Obama’s Impending “Lessons in Disaster”?

Dear President Obama:

As a student of presidential decision-making, I read with utmost interest Gordon Goldstein’s book, Lessons in Disaster. My curiosity stemmed from the fact that there was a great deal of hoopla that, before making a decision about committing additional troops in Afghanistan, you, along with your advisers, read this book to ensure that right decision was made on that issue. In other words, you were reportedly resolute about avoiding the mistakes of your predecessors before committing the United States in another major conflict of our time.

That book is a fine piece of scholarship, and, indeed, a must read for policymakers. Since you are America’s top policymaker, I was very curious as to what lessons you might have drawn from it.
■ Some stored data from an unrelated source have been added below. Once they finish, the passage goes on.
locale coding_sequence =
  fixes V :: "'a set" and E :: "'a \<Rightarrow> 'a \<Rightarrow> bool"
    and m :: nat and lam :: "nat \<Rightarrow> nat" and vtx :: "nat \<Rightarrow> 'a" and s :: nat
  assumes coding: "coding_seq V E m lam vtx s"
begin

lemma vtx_bij: "bij_betw vtx {1..m} V"
  using coding by (simp add: coding_seq_def)

lemma vtx_inj: "inj_on vtx {1..m}"
  using vtx_bij by (simp add: bij_betw_def)

lemma vtx_image: "vtx ` {1..m} = V"
  using vtx_bij by (simp add: bij_betw_def)

lemma edge_iff:
  "i \<in> {1..m} \<Longrightarrow> j \<in> {1..m} \<Longrightarrow> E (vtx i) (vtx j) \<longleftrightarrow> i \<noteq> j \<and> 1 < gcd (lam i) (lam j)"
  using coding by (simp add: coding_seq_def)

lemma isolated_count_le: "s \<le> m"
proof -
  have "finite V" using vtx_bij bij_betw_finite by blast
  then have "card (isolated_vertices V E) \<le> card V"
    by (rule card_mono) (auto simp: isolated_vertices_def)
  then show ?thesis
    using coding bij_betw_same_card[OF vtx_bij] by (simp add: coding_seq_def)
qed

lemma label_cases:
  "i \<in> {1..m} \<Longrightarrow> (i \<le> s \<and> lam i = 1) \<or> (s < i \<and> 1 < lam i \<and> squarefree (lam i))"
  using coding unfolding coding_seq_def by (cases "i \<le> s") auto

lemma label_eq_1_iff: "i \<in> {1..m} \<Longrightarrow> lam i = 1 \<longleftrightarrow> i \<le> s"
  using label_cases by force

lemma label_pos: "i \<in> {1..m} \<Longrightarrow> 0 < lam i"
  using label_cases by force

lemma label_squarefree: "i \<in> {1..m} \<Longrightarrow> squarefree (lam i)"
  using label_cases by force

lemma seq_lcm_nonzero: "seq_lcm m lam \<noteq> 0"
  unfolding seq_lcm_def by (subst Lcm_0_iff_nat) auto

lemma label_dvd_seq_lcm: "i \<in> {1..m} \<Longrightarrow> lam i dvd seq_lcm m lam"
  using label_pos[of i] unfolding seq_lcm_def
  by (cases "lam i = 1") (auto intro: dvd_Lcm)

lemma prime_factors_label_subset:
  "i \<in> {1..m} \<Longrightarrow> prime_factors (lam i) \<subseteq> prime_factors (seq_lcm m lam)"
  using label_dvd_seq_lcm seq_lcm_nonzero by (intro dvd_prime_factors)

lemma vtx_in_cover_set_iff:
  assumes "i \<in> {1..m}" "0 < j"
  shows "vtx i \<in> cover_set m lam vtx s p (s + j) \<longleftrightarrow> p j dvd lam i"
proof -
  have "vtx i \<in> cover_set m lam vtx s p (s + j) \<longleftrightarrow>
      (\<exists>i'\<in>{1..m}. vtx i = vtx i' \<and> p j dvd lam i')"
    using assms(2) by (auto simp: cover_set_def)
  also have "\<dots> \<longleftrightarrow> p j dvd lam i"
    using vtx_inj assms(1) by (metis inj_on_eq_iff)
  finally show ?thesis .
qed

lemma vtx_in_isolated_cover_sets_iff:
  assumes "i \<in> {1..m}"
  shows "vtx i \<in> (\<Union>j\<in>{1..s}. cover_set m lam vtx s p j) \<longleftrightarrow> lam i = 1"
proof -
  have "vtx i \<in> (\<Union>j\<in>{1..s}. cover_set m lam vtx s p j) \<longleftrightarrow> (\<exists>j\<in>{1..s}. vtx i = vtx j)"
    by (auto simp: cover_set_def)
  also have "\<dots> \<longleftrightarrow> i \<le> s"
    using vtx_inj assms isolated_count_le by (auto dest: inj_onD)
  finally show ?thesis using label_eq_1_iff[OF assms] by simp
qed

end

locale prime_indexed_coding = coding_sequence +
  fixes k :: nat and p :: "nat \<Rightarrow> nat"
  assumes prime_index: "bij_betw p {1..k} (prime_factors (seq_lcm m lam))"
begin

abbreviation S :: "nat \<Rightarrow> 'a set" where
  "S \<equiv> cover_set m lam vtx s p"

lemma prime_index_prime: "j \<in> {1..k} \<Longrightarrow> prime (p j)"
  using bij_betwE[OF prime_index] by auto

lemma prime_divisor_of_label_indexed:
  assumes "i \<in> {1..m}" "prime q" "q dvd lam i"
  obtains j where "j \<in> {1..k}" "q = p j"
proof -
  have "q \<in> prime_factors (lam i)"
    using assms label_pos by (auto simp: in_prime_factors_iff)
  then have "q \<in> prime_factors (seq_lcm m lam)"
    using prime_factors_label_subset[OF assms(1)] by blast
  then show ?thesis
    using that bij_betw_imp_surj_on[OF prime_index] by blast
qed

lemma cover_set_is_clique:
  assumes "j \<in> {1..s+k}"
  shows "is_clique V E (S j)"
proof (cases "j \<le> s")
  case True
  then show ?thesis
    using assms isolated_count_le vtx_image by (auto simp: is_clique_def cover_set_def)
next
  case False
  define t where "t = j - s"
  have t: "t \<in> {1..k}" "j = s + t"
    using assms False by (auto simp: t_def)
  have "E (vtx i) (vtx i')"
    if "i \<in> {1..m}" "i' \<in> {1..m}" "i \<noteq> i'" "p t dvd lam i" "p t dvd lam i'" for i i'
    using that edge_iff prime_index_prime[OF t(1)] label_pos
      one_less_gcd_iff_common_prime_divisor by blast
  then show ?thesis
    using False t vtx_image by (fastforce simp: is_clique_def cover_set_def)
qed

lemma vertex_in_cover_set:
  assumes "x \<in> V"
  shows "\<exists>j\<in>{1..s+k}. x \<in> S j"
proof -
  obtain i where i: "i \<in> {1..m}" "x = vtx i" using assms vtx_image by auto
  show ?thesis
  proof (cases "i \<le> s")
    case True
    then show ?thesis using i by (auto simp: cover_set_def)
  next
    case False
    then have "lam i \<noteq> 1" using label_eq_1_iff[OF i(1)] by simp
    then obtain q where "prime q" "q dvd lam i" using prime_factor_nat by blast
    moreover obtain j where "j \<in> {1..k}" "q = p j"
      using prime_divisor_of_label_indexed[OF i(1) calculation] .
    ultimately show ?thesis
      using i vtx_in_cover_set_iff[of i j] by (intro bexI[of _ "s + j"]) auto
  qed
qed

lemma edge_in_cover_set:
  assumes "simple_graph V E" "E x y"
  shows "\<exists>j\<in>{1..s+k}. x \<in> S j \<and> y \<in> S j"
proof -
  have "x \<in> V" "y \<in> V" using assms by (auto simp: simple_graph_def)
  then obtain i i' where i: "i \<in> {1..m}" "x = vtx i" "i' \<in> {1..m}" "y = vtx i'"
    using vtx_image by auto
  then have "1 < gcd (lam i) (lam i')" using edge_iff assms(2) by blast
  then obtain q where q: "prime q" "q dvd lam i" "q dvd lam i'"
    using one_less_gcd_iff_common_prime_divisor label_pos[OF i(1)] by blast
  obtain j where "j \<in> {1..k}" "q = p j"
    using prime_divisor_of_label_indexed[OF i(1) q(1,2)] .
  then show ?thesis
    using i q vtx_in_cover_set_iff by (intro bexI[of _ "s + j"]) auto
qed

lemma total_clique_covering_cover_sets:
  assumes "simple_graph V E"
  shows "total_clique_covering V E (S ` {1..s+k})"
  unfolding total_clique_covering_def
proof (intro conjI)
  show "\<forall>C\<in>S ` {1..s+k}. is_clique V E C"
    using cover_set_is_clique by simp
  show "\<forall>x\<in>V. \<exists>C\<in>S ` {1..s+k}. x \<in> C"
    using vertex_in_cover_set by simp
  show "\<forall>x y. E x y \<longrightarrow> (\<exists>C\<in>S ` {1..s+k}. x \<in> C \<and> y \<in> C)"
    using edge_in_cover_set[OF assms] by simp
qed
If I could have interviewed you, I would have asked you point blank: What exactly did you learn from that book, and what steps you have taken to avoid making disastrous mistakes? Since I do not have access to you, let me make several observations about what I think your rationale may have been and to think out loud about the aspects of that book to which you may have (or should have) paid attention and the facets you seem to have missed.

I will start from the very last chapter of Goldstein’s book, “Intervention is a Presidential Choice,” since you have already made the war in Afghanistan “your war.” You made that choice very clear even as a presidential candidate, when you depicted the Afghanistan war as the “right” war. However, for some strange reason, your supporters thought that you would not demonstrate the same kind of commitment to another war as President Lyndon Johnson did to Vietnam, or as George W. Bush did to Iraq. It was not your fault, Mr. President; it was the fault of your supporters for holding on to the wrong assumption. Goldstein’s narrative in his last chapter makes it clear how a large group of supporters of a different president (President John Kennedy) still believe that he would have disentangled America from Vietnam. No one will ever know whether that was a correct assumption, but the fact is that supporters always give their icons the benefit of the doubt. They look for parallels—as Kennedy’s supporters did by drawing parallels about how quickly he abandoned a failed mission in the case of the Bay of Pigs fiasco, thereby concluding that he would have done just that in the case of Vietnam after his reelection—and hold on to a belief that their hero would not have faltered.

It seems, Mr. President, that while you were so anxious to read history and to look for similarities and differences between Vietnam and Afghanistan, you might have been swept away more by the differences between the two than the similarities, and made the decision to commit 30,000 additional troops, thereby putting a personal stamp on the war in Afghanistan.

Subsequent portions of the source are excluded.